Publication Placeholder

Huisjes, N.M.#, Retzer, T.M.#, Scherr, M.J., Agarwal, R., Rajappa, L., Safaric, B., Minnen, A., and Duderstadt, K.E.
(IMPRS-LS students are in bold, #equal contribution)
Elife, 2022, 11.
doi: 10.7554/elife.75899

Mars, a molecule archive suite for reproducible analysis and reporting of single-molecule properties from bioimages

The rapid development of new imaging approaches is generating larger and more complex datasets, revealing the time evolution of individual cells and biomolecules. Single-molecule techniques, in particular, provide access to rare intermediates in complex, multistage molecular pathways. However, few standards exist for processing these information-rich datasets, posing challenges for wider dissemination. Here, we present Mars, an open-source platform for storing and processing image-derived properties of biomolecules. Mars provides Fiji/ImageJ2 commands written in Java for common single-molecule analysis tasks using a Molecule Archive architecture that is easily adapted to complex, multistep analysis workflows.
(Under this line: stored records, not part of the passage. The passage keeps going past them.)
(* Let $P$ be any product rule. Let $(f_a)_{a\in\Sigma}$ be a tuple of $P$-finite series and let $g$ be a series with $\delta_ag=f_a$ for all $a\in\Sigma$. Then $g$ is $P$-finite.
   Context: Let $\Sigma$ be a finite alphabet, $\Sigma^*$ the finite words with empty word $\varepsilon$. A series is $f:\Sigma^*\to\mathbb Q$, $f_w=f(w)$; series form a $\mathbb Q$-vector space under pointwise operations with zero $\mathbb 0$. For $a\in\Sigma$, $\delta_af$ is $w\mapsto f(aw)$. Terms over $X$: generated by $u,v::=x\mid 0\mid c\cdot u\mid u+v\mid u*v$. A product rule is a term $P$ over $\{x,\dot x,y,\dot y\}$. The $P$-product $*$ and semantics $[\![u]\!]_\varrho$ are the unique pair with $(f*g)_\varepsilon=f_\varepsilon g_\varepsilon$, $\delta_a(f*g)=[\![P]\!]_{[x\mapsto f,\dot x\mapsto\delta_af,y\mapsto g,\dot y\mapsto\delta_ag]}$, and $[\![\cdot]\!]_\varrho$ interpreting variables via $\varrho$, constructors by zero, scalar multiplication, addition, $*$. $P$-finite: $A(g_1,\dots,g_k)$ is the smallest set of series containing $\mathbb 0,g_1,\dots,g_k$ closed under scalar multiplication, $+$, $*$; $f$ is $P$-finite if there are $g_1=f,\dots,g_k$ with $\delta_ag_i\in A(g_1,\dots,g_k)$ for all $i$ and $a\in\Sigma$. *)

theory Defs
  imports Main "HOL.Rat"
begin

type_synonym 'a series = "'a list \<Rightarrow> rat"

definition delta :: "'a \<Rightarrow> 'a series \<Rightarrow> 'a series" where
  "delta a f = (\<lambda>w. f (a # w))"

datatype 'v trm = Var 'v | Zero | Scal rat "'v trm" | Plus "'v trm" "'v trm" | Times "'v trm" "'v trm"

text \<open>Variables of a product rule: x, x-dot, y, y-dot.\<close>
datatype pvar = VX | VXd | VY | VYd

fun sem :: "('a series \<Rightarrow> 'a series \<Rightarrow> 'a series) \<Rightarrow> ('v \<Rightarrow> 'a series) \<Rightarrow> 'v trm \<Rightarrow> 'a series" where
  "sem mul \<rho> (Var x) = \<rho> x"
| "sem mul \<rho> Zero = (\<lambda>w. 0)"
| "sem mul \<rho> (Scal c u) = (\<lambda>w. c * sem mul \<rho> u w)"
| "sem mul \<rho> (Plus u v) = (\<lambda>w. sem mul \<rho> u w + sem mul \<rho> v w)"
| "sem mul \<rho> (Times u v) = mul (sem mul \<rho> u) (sem mul \<rho> v)"

definition prule_env :: "'a \<Rightarrow> 'a series \<Rightarrow> 'a series \<Rightarrow> pvar \<Rightarrow> 'a series" where
  "prule_env a f g = (\<lambda>v. case v of VX \<Rightarrow> f | VXd \<Rightarrow> delta a f | VY \<Rightarrow> g | VYd \<Rightarrow> delta a g)"

definition is_P_product :: "pvar trm \<Rightarrow> ('a series \<Rightarrow> 'a series \<Rightarrow> 'a series) \<Rightarrow> bool" where
  "is_P_product P mul \<longleftrightarrow>
     (\<forall>f g. mul f g [] = f [] * g [] \<and>
            (\<forall>a. delta a (mul f g) = sem mul (prule_env a f g) P))"

text \<open>The P-product (unique operation satisfying the equations).\<close>
definition pprod :: "pvar trm \<Rightarrow> 'a series \<Rightarrow> 'a series \<Rightarrow> 'a series" where
  "pprod P = (THE mul. is_P_product P mul)"

inductive_set alg :: "pvar trm \<Rightarrow> 'a series set \<Rightarrow> 'a series set" for P G where
  zero: "(\<lambda>w. 0) \<in> alg P G"
| gen: "g \<in> G \<Longrightarrow> g \<in> alg P G"
| scal: "f \<in> alg P G \<Longrightarrow> (\<lambda>w. c * f w) \<in> alg P G"
| add: "f \<in> alg P G \<Longrightarrow> h \<in> alg P G \<Longrightarrow> (\<lambda>w. f w + h w) \<in> alg P G"
| mult: "f \<in> alg P G \<Longrightarrow> h \<in> alg P G \<Longrightarrow> pprod P f h \<in> alg P G"

definition P_finite :: "pvar trm \<Rightarrow> ('a::finite) series \<Rightarrow> bool" where
  "P_finite P f \<longleftrightarrow>
     (\<exists>gs. gs \<noteq> [] \<and> hd gs = f \<and>
          (\<forall>g\<in>set gs. \<forall>a. delta a g \<in> alg P (set gs)))"

end

theory Submission
  imports Defs
begin

(* Take the union of finite generating sets witnessing P-finiteness of the f a, and add g:
   every derivative of g is some f a, which is a generator, so the enlarged set is again
   closed under derivatives up to the algebra it generates. *)

definition delta_closed :: "pvar trm \<Rightarrow> 'a series set \<Rightarrow> bool" where
  "delta_closed P G \<longleftrightarrow> (\<forall>h\<in>G. \<forall>a. delta a h \<in> alg P G)"

lemma alg_mono: "f \<in> alg P G \<Longrightarrow> G \<subseteq> H \<Longrightarrow> f \<in> alg P H"
  by (induction rule: alg.induct) (auto intro: alg.intros)

lemma P_finite_iff_delta_closed:
  "P_finite P f \<longleftrightarrow> (\<exists>G. finite G \<and> f \<in> G \<and> delta_closed P G)"
proof
  assume "P_finite P f"
  then obtain gs where "gs \<noteq> []" "hd gs = f" "delta_closed P (set gs)"
    unfolding P_finite_def delta_closed_def by blast
  then show "\<exists>G. finite G \<and> f \<in> G \<and> delta_closed P G"
    by (metis finite_set hd_in_set)
next
  assume "\<exists>G. finite G \<and> f \<in> G \<and> delta_closed P G"
  then obtain G where "finite G" "f \<in> G" "delta_closed P G" by blast
  moreover obtain xs where "set xs = G" using \<open>finite G\<close> finite_list by blast
  ultimately have "set (f # xs) = G" by auto
  with \<open>delta_closed P G\<close> show "P_finite P f"
    unfolding P_finite_def delta_closed_def by (metis list.distinct(1) list.sel(1))
qed

lemma delta_closed_UN:
  assumes "\<And>i. i \<in> I \<Longrightarrow> delta_closed P (G i)"
  shows "delta_closed P (\<Union>i\<in>I. G i)"
  unfolding delta_closed_def
proof (intro ballI allI)
  fix h a assume "h \<in> (\<Union>i\<in>I. G i)"
  then obtain i where "i \<in> I" "h \<in> G i" by blast
  with assms have "delta a h \<in> alg P (G i)" unfolding delta_closed_def by blast
  then show "delta a h \<in> alg P (\<Union>i\<in>I. G i)"
    by (rule alg_mono) (use \<open>i \<in> I\<close> in blast)
qed

lemma delta_closed_insert:
  assumes "delta_closed P G" and "\<And>a. delta a g \<in> alg P G"
  shows "delta_closed P (insert g G)"
  using assms alg_mono[of _ P G "insert g G"] unfolding delta_closed_def by blast

theorem mainTheorem19:
  fixes P :: "pvar trm"
    and f :: "'a::finite \<Rightarrow> 'a series"
    and g :: "'a series"
  assumes "\<forall>a. P_finite P (f a)"
    and "\<forall>a. delta a g = f a"
  shows "P_finite P g"
proof -
  obtain G where G: "\<And>a. finite (G a) \<and> f a \<in> G a \<and> delta_closed P (G a)"
    using assms(1) unfolding P_finite_iff_delta_closed by metis
  define H where "H = (\<Union>a. G a)"
  have "finite H" using G by (simp add: H_def)
  have "delta_closed P H" using G by (simp add: H_def delta_closed_UN)
  moreover have "delta a g \<in> alg P H" for a
    using assms(2) G by (auto simp: H_def intro: alg.gen)
  ultimately have "delta_closed P (insert g H)" by (rule delta_closed_insert)
  with \<open>finite H\<close> show ?thesis
    unfolding P_finite_iff_delta_closed by blast
qed

end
Three diverse workflows involving molecule tracking, multichannel fluorescence imaging, and force spectroscopy, demonstrate the range of analysis applications. A comprehensive graphical user interface written in JavaFX enhances biomolecule feature exploration by providing charting, tagging, region highlighting, scriptable dashboards, and interactive image views. The interoperability of ImageJ2 ensures Molecule Archives can easily be opened in multiple environments, including those written in Python using PyImageJ, for interactive scripting and visualization. Mars provides a flexible solution for reproducible analysis of image-derived properties, facilitating the discovery and quantitative classification of new biological phenomena with an open data format accessible to everyone.